##### DATA EXTRACT

(* Let x be a nonzero codeword of the Tanner code with support S, s = |S|. Every check adjacent
   to S sees a nonzero local codeword, hence at least d0 vertices of S, so |N(S)| <= c s / d0.
   Expansion of the subsets of size t = floor(alpha n) then forces s >= delta d0 t > t + d. Averaging
   the expansion over all t-subsets of S shows that the histogram of the numbers |S \<inter> N(v)|,
   suitably scaled, is a feasible point of the linear program defining size_exp delta' k, where
   k = (s - d) / t and delta' = delta (s - d) / s; its objective value is |N(S)| / (c s) <= 1 / d0.
   The function size_exp delta is (1 / (1 - delta))-Lipschitz, strictly decreasing and tends to 0,
   so its inverse K at 1 / d0 + epsilon exists, and replacing delta' by delta and k by K costs
   only O(1 / t). If s <= K alpha n this yields 1 / d0 + epsilon <= 1 / d0 + O(1 / t), which fails
   for large n. When delta = 1 there are no expanders at all once alpha n >= 2, since d >= d0 >= 2
   and two neighbours of one check share it. *)

section \<open>The size-expansion linear program\<close>

(* The probability that at least one of i vertices survives when each is kept independently with
   probability 1 / k; it bounds the chance that a random subset of S of density 1 / k meets a check
   with i neighbours in S. *)
abbreviation coverage :: "real \<Rightarrow> nat \<Rightarrow> real" where
  "coverage k i \<equiv> 1 - (1 - 1 / k) ^ i"

definition size_exp_feasible :: "real \<Rightarrow> real \<Rightarrow> (nat \<Rightarrow> real) \<Rightarrow> bool" where
  "size_exp_feasible \<delta> k \<beta> \<longleftrightarrow> \<beta> 0 = 0 \<and> (\<forall>i. 0 \<le> \<beta> i) \<and> summable \<beta> \<and>
     (\<lambda>i. real i * \<beta> i) sums k \<and> summable (\<lambda>i. coverage k i * \<beta> i) \<and>
     \<delta> \<le> (\<Sum>i. coverage k i * \<beta> i)"

lemma size_exp_eq_Inf:
  "size_exp \<delta> k = Inf ((\<lambda>\<beta>. suminf \<beta> / k) ` Collect (size_exp_feasible \<delta> k))"
  unfolding size_exp_def size_exp_feasible_def by (simp add: setcompr_eq_image)

lemma size_exp_feasibleI:
  assumes "\<beta> 0 = 0" "\<And>i. 0 \<le> \<beta> i" "\<beta> sums s" "(\<lambda>i. real i * \<beta> i) sums k"
    and "(\<lambda>i. coverage k i * \<beta> i) sums w" "\<delta> \<le> w"
  shows "size_exp_feasible \<delta> k \<beta>"
  using assms unfolding size_exp_feasible_def by (auto simp: sums_iff)

lemma size_exp_feasibleD:
  assumes "size_exp_feasible \<delta> k \<beta>"
  shows "\<beta> 0 = 0" "0 \<le> \<beta> i" "\<beta> sums suminf \<beta>" "(\<lambda>i. real i * \<beta> i) sums k"
    and "(\<lambda>i. coverage k i * \<beta> i) sums (\<Sum>i. coverage k i * \<beta> i)"
    and "\<delta> \<le> (\<Sum>i. coverage k i * \<beta> i)"
  using assms unfolding size_exp_feasible_def by (auto simp: summable_sums)

lemma coverage_bounds:
  assumes "1 \<le> k"
  shows "0 \<le> coverage k i" "coverage k i \<le> 1"
proof -
  have "0 \<le> 1 - 1 / k" "1 - 1 / k \<le> 1" using assms by auto
  then show "0 \<le> coverage k i" "coverage k i \<le> 1" by (auto simp: power_le_one)
qed

lemma coverage_mult_eq_sum: "0 < k \<Longrightarrow> coverage k i * k = (\<Sum>j<i. (1 - 1 / k) ^ j)"
  using one_diff_power_eq[of "1 - 1 / k" i] by simp

lemma coverage_mult_mono:
  assumes "1 \<le> k" "k \<le> k'"
  shows "coverage k i * k + (if 2 \<le> i then 1 / k - 1 / k' else 0) \<le> coverage k' i * k'"
proof -
  have q: "0 \<le> 1 - 1 / k" "1 - 1 / k \<le> 1 - 1 / k'"
    using assms by (auto simp: field_simps)
  have "(\<Sum>j<i. (1 - 1 / k) ^ j) + (if 2 \<le> i then 1 / k - 1 / k' else 0) \<le> (\<Sum>j<i. (1 - 1 / k') ^ j)"
  proof (cases "2 \<le> i")
    case True
    then have split: "{..<i} = insert 1 ({..<i} - {1})" by auto
    have "(\<Sum>j\<in>{..<i} - {1}. (1 - 1 / k) ^ j) \<le> (\<Sum>j\<in>{..<i} - {1}. (1 - 1 / k') ^ j)"
      by (intro sum_mono power_mono q)
    then show ?thesis using True by (subst (1 2) split) (simp add: sum.insert_remove)
  qed (auto intro: sum_mono power_mono q)
  then show ?thesis using assms by (simp add: coverage_mult_eq_sum)
qed

lemma summable_coverage:
  assumes "summable \<beta>" "\<And>i. 0 \<le> \<beta> i" "1 \<le> k"
  shows "summable (\<lambda>i. coverage k i * \<beta> i)"
  by (rule summable_comparison_test_ev[OF _ assms(1)])
    (use assms coverage_bounds[OF assms(3)] in \<open>auto intro!: always_eventually mult_left_le_one_le\<close>)

lemma size_exp_feasible_mass_ge:
  assumes "size_exp_feasible \<delta> k \<beta>" "1 \<le> k"
  shows "\<delta> \<le> suminf \<beta>"
proof -
  note f = size_exp_feasibleD[OF assms(1)]
  have "(\<Sum>i. coverage k i * \<beta> i) \<le> suminf \<beta>"
    by (rule suminf_le[OF _ sums_summable[OF f(5)] sums_summable[OF f(3)]])
      (use f(2) coverage_bounds[OF assms(2)] in \<open>auto intro: mult_left_le_one_le\<close>)
  then show ?thesis using f(6) by linarith
qed

lemma size_exp_feasible_point_mass:
  assumes "1 \<le> N" "0 \<le> k" "\<delta> \<le> coverage k N * k / N"
  shows "size_exp_feasible \<delta> k (\<lambda>i. if i = N then k / N else 0)"
proof (rule size_exp_feasibleI)
  have sums_at: "(\<lambda>i. f i * (if i = N then k / N else 0)) sums (f N * (k / N))" for f :: "nat \<Rightarrow> real"
    using sums_finite[of "{N}" "\<lambda>i. f i * (if i = N then k / N else 0)"] by simp
  show "(\<lambda>i. if i = N then k / N else 0) sums (k / N)" using sums_at[of "\<lambda>_. 1"] by simp
  show "(\<lambda>i. real i * (if i = N then k / N else 0)) sums k" using sums_at[of real] assms(1) by simp
  show "(\<lambda>i. coverage k i * (if i = N then k / N else 0)) sums (coverage k N * k / N)"
    using sums_at[of "coverage k"] by simp
qed (use assms in auto)

lemma size_exp_feasible_unit:
  assumes "1 \<le> k" "\<delta> \<le> 1"
  shows "size_exp_feasible \<delta> k (\<lambda>i. if i = 1 then k else 0)"
proof -
  have "size_exp_feasible \<delta> k (\<lambda>i. if i = 1 then k / real 1 else 0)"
    by (rule size_exp_feasible_point_mass) (use assms in auto)
  then show ?thesis by (simp only: of_nat_1 div_by_1)
qed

##########

■ WORK REQUIRED ■
Each of the lines from the one that contains "0)) sums (f" through the last line of the data needs to be repeated exactly, with no others.

■ ANSWER FOR THIS EXERCISE ■
  have sums_at: "(\<lambda>i. f i * (if i = N then k / N else 0)) sums (f N * (k / N))" for f :: "nat \<Rightarrow> real"
    using sums_finite[of "{N}" "\<lambda>i. f i * (if i = N then k / N else 0)"] by simp
  show "(\<lambda>i. if i = N then k / N else 0) sums (k / N)" using sums_at[of "\<lambda>_. 1"] by simp
  show "(\<lambda>i. real i * (if i = N then k / N else 0)) sums k" using sums_at[of real] assms(1) by simp
  show "(\<lambda>i. coverage k i * (if i = N then k / N else 0)) sums (coverage k N * k / N)"
    using sums_at[of "coverage k"] by simp
qed (use assms in auto)

lemma size_exp_feasible_unit:
  assumes "1 \<le> k" "\<delta> \<le> 1"
  shows "size_exp_feasible \<delta> k (\<lambda>i. if i = 1 then k else 0)"
proof -
  have "size_exp_feasible \<delta> k (\<lambda>i. if i = 1 then k / real 1 else 0)"
    by (rule size_exp_feasible_point_mass) (use assms in auto)
  then show ?thesis by (simp only: of_nat_1 div_by_1)
qed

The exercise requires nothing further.